▶ **The problem**
What you return must be every line from the beginning of the data through the line holding "fix u assume", unchanged.

▶ **Saved entries**
------------------------------------

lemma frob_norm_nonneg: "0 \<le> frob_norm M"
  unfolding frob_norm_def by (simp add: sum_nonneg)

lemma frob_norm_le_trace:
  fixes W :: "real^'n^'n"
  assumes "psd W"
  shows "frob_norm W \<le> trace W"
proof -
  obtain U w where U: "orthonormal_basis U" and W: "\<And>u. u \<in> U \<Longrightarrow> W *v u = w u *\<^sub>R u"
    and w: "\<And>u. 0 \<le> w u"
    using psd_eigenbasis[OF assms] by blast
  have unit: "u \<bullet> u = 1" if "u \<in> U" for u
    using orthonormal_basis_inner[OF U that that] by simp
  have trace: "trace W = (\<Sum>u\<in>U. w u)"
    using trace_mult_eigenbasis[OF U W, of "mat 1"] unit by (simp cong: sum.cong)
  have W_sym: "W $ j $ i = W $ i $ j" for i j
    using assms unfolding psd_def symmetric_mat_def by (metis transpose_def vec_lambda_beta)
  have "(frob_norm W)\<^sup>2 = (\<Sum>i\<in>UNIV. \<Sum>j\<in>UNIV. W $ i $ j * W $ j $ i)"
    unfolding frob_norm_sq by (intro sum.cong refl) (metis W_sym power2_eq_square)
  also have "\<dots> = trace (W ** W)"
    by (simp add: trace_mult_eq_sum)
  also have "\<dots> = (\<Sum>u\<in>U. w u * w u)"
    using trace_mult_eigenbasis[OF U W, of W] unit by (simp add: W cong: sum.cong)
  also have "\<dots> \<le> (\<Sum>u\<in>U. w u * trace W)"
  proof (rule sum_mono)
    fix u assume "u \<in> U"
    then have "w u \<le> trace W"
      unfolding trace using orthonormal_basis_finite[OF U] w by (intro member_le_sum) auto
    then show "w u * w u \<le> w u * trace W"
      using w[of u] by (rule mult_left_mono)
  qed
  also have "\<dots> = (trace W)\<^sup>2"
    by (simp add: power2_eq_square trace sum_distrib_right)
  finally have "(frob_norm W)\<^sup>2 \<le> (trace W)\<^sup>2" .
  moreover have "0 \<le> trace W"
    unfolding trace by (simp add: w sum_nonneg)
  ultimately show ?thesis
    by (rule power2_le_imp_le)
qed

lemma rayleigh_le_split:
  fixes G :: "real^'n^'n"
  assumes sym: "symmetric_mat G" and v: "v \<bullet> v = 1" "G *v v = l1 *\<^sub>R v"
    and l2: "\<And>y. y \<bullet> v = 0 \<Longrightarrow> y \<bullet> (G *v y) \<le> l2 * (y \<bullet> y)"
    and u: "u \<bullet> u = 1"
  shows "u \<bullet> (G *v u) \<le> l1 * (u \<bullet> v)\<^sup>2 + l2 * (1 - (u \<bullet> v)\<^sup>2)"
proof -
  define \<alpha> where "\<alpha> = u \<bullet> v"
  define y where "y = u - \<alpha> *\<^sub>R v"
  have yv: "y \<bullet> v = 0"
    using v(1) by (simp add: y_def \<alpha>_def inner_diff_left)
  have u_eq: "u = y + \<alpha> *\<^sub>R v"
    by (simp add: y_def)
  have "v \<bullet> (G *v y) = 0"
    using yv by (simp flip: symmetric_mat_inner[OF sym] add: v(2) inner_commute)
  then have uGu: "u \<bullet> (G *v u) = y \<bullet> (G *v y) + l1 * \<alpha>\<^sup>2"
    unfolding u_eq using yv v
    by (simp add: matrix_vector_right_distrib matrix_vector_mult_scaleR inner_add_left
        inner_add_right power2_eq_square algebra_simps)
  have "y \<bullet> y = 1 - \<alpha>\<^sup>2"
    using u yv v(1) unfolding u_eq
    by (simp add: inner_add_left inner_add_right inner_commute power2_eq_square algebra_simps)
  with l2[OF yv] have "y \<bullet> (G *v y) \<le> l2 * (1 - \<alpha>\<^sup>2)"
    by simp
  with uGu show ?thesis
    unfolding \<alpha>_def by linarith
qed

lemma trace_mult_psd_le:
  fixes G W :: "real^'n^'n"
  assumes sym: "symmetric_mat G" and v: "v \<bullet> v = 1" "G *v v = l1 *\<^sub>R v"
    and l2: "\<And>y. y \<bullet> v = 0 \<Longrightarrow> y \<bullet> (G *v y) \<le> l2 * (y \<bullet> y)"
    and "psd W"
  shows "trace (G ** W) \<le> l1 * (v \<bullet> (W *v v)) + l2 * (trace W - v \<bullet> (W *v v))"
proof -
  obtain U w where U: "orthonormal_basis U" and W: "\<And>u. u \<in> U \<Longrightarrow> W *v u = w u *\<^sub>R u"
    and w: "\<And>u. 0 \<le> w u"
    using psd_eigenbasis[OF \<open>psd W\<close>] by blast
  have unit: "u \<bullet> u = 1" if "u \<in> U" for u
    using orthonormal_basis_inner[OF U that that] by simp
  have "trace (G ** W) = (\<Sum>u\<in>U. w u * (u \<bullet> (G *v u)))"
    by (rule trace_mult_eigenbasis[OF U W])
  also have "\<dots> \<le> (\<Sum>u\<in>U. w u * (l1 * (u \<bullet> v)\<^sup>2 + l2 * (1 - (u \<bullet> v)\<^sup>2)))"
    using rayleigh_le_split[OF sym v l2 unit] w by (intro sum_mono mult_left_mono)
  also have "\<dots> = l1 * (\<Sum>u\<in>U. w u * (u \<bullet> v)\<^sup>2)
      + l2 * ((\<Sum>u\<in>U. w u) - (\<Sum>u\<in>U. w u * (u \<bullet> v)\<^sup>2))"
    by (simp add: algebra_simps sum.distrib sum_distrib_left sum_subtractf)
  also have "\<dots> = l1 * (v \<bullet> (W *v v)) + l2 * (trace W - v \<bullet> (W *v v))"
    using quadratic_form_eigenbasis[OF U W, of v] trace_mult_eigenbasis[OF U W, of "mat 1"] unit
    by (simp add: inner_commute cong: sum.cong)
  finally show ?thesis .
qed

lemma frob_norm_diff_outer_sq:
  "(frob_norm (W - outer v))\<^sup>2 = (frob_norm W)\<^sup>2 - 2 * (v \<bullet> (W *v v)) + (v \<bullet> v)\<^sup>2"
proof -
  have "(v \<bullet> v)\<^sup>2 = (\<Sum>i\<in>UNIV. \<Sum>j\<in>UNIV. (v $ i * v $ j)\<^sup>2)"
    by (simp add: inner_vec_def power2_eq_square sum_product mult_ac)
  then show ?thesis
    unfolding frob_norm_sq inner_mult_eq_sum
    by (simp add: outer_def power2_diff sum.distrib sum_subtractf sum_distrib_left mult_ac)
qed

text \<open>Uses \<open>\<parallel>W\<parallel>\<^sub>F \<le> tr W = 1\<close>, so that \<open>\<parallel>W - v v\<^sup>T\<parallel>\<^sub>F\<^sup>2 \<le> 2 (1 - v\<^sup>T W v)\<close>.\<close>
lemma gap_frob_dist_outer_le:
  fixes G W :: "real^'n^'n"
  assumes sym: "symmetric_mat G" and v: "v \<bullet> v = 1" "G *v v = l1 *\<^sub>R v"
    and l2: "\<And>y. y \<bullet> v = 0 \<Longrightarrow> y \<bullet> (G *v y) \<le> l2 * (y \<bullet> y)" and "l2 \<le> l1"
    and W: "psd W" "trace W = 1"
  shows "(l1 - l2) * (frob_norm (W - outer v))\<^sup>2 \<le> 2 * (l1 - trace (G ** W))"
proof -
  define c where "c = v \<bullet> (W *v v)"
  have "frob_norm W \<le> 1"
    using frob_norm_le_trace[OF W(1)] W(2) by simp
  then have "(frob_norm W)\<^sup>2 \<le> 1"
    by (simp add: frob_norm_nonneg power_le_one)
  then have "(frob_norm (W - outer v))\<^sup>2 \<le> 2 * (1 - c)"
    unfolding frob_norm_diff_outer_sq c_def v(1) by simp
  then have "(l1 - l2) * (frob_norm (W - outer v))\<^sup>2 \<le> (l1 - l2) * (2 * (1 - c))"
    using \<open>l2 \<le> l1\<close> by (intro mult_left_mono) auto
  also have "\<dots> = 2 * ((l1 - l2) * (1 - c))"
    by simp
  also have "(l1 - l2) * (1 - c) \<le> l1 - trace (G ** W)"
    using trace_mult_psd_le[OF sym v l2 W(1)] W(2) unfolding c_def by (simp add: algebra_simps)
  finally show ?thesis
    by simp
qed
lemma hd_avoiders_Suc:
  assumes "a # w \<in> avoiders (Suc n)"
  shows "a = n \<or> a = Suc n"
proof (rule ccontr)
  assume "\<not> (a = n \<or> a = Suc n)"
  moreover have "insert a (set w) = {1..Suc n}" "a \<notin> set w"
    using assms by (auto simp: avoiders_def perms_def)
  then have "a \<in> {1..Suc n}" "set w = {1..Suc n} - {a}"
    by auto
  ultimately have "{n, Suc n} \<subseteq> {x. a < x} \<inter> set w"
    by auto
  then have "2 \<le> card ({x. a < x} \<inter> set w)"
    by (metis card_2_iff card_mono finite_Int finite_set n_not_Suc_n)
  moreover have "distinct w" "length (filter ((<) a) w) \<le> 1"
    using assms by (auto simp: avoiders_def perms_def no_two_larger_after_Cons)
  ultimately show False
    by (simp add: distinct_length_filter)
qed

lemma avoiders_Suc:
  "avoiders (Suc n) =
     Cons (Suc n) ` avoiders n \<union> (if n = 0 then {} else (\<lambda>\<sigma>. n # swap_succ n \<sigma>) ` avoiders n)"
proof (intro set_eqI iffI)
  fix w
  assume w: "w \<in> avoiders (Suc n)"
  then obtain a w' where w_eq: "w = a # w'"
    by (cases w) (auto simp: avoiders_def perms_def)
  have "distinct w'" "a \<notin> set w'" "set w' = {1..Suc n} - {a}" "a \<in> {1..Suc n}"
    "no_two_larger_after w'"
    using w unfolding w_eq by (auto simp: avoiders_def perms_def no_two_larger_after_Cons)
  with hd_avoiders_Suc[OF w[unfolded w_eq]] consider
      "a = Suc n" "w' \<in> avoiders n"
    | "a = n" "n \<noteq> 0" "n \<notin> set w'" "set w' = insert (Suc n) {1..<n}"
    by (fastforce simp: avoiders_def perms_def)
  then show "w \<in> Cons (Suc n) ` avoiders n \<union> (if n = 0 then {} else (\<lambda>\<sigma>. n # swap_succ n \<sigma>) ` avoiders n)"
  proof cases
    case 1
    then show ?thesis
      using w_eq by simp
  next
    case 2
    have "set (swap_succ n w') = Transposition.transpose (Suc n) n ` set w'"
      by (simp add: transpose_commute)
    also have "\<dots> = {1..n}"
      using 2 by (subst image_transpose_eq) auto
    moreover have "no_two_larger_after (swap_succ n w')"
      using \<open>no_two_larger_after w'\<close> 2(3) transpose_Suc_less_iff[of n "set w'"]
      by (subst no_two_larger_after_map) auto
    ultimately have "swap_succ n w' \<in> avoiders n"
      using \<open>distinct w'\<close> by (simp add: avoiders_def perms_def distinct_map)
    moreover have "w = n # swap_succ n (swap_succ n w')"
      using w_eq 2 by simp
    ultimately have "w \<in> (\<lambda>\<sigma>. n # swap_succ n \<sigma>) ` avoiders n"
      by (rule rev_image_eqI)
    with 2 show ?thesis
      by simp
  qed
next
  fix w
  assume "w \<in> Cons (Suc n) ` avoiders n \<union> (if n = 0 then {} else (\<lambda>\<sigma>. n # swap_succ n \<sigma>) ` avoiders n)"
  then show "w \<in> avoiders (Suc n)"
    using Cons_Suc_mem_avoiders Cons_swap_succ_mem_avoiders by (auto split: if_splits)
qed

------------------------------------

▶ **Response to this exercise**
lemma frob_norm_nonneg: "0 \<le> frob_norm M"
  unfolding frob_norm_def by (simp add: sum_nonneg)

lemma frob_norm_le_trace:
  fixes W :: "real^'n^'n"
  assumes "psd W"
  shows "frob_norm W \<le> trace W"
proof -
  obtain U w where U: "orthonormal_basis U" and W: "\<And>u. u \<in> U \<Longrightarrow> W *v u = w u *\<^sub>R u"
    and w: "\<And>u. 0 \<le> w u"
    using psd_eigenbasis[OF assms] by blast
  have unit: "u \<bullet> u = 1" if "u \<in> U" for u
    using orthonormal_basis_inner[OF U that that] by simp
  have trace: "trace W = (\<Sum>u\<in>U. w u)"
    using trace_mult_eigenbasis[OF U W, of "mat 1"] unit by (simp cong: sum.cong)
  have W_sym: "W $ j $ i = W $ i $ j" for i j
    using assms unfolding psd_def symmetric_mat_def by (metis transpose_def vec_lambda_beta)
  have "(frob_norm W)\<^sup>2 = (\<Sum>i\<in>UNIV. \<Sum>j\<in>UNIV. W $ i $ j * W $ j $ i)"
    unfolding frob_norm_sq by (intro sum.cong refl) (metis W_sym power2_eq_square)
  also have "\<dots> = trace (W ** W)"
    by (simp add: trace_mult_eq_sum)
  also have "\<dots> = (\<Sum>u\<in>U. w u * w u)"
    using trace_mult_eigenbasis[OF U W, of W] unit by (simp add: W cong: sum.cong)
  also have "\<dots> \<le> (\<Sum>u\<in>U. w u * trace W)"
  proof (rule sum_mono)
    fix u assume "u \<in> U"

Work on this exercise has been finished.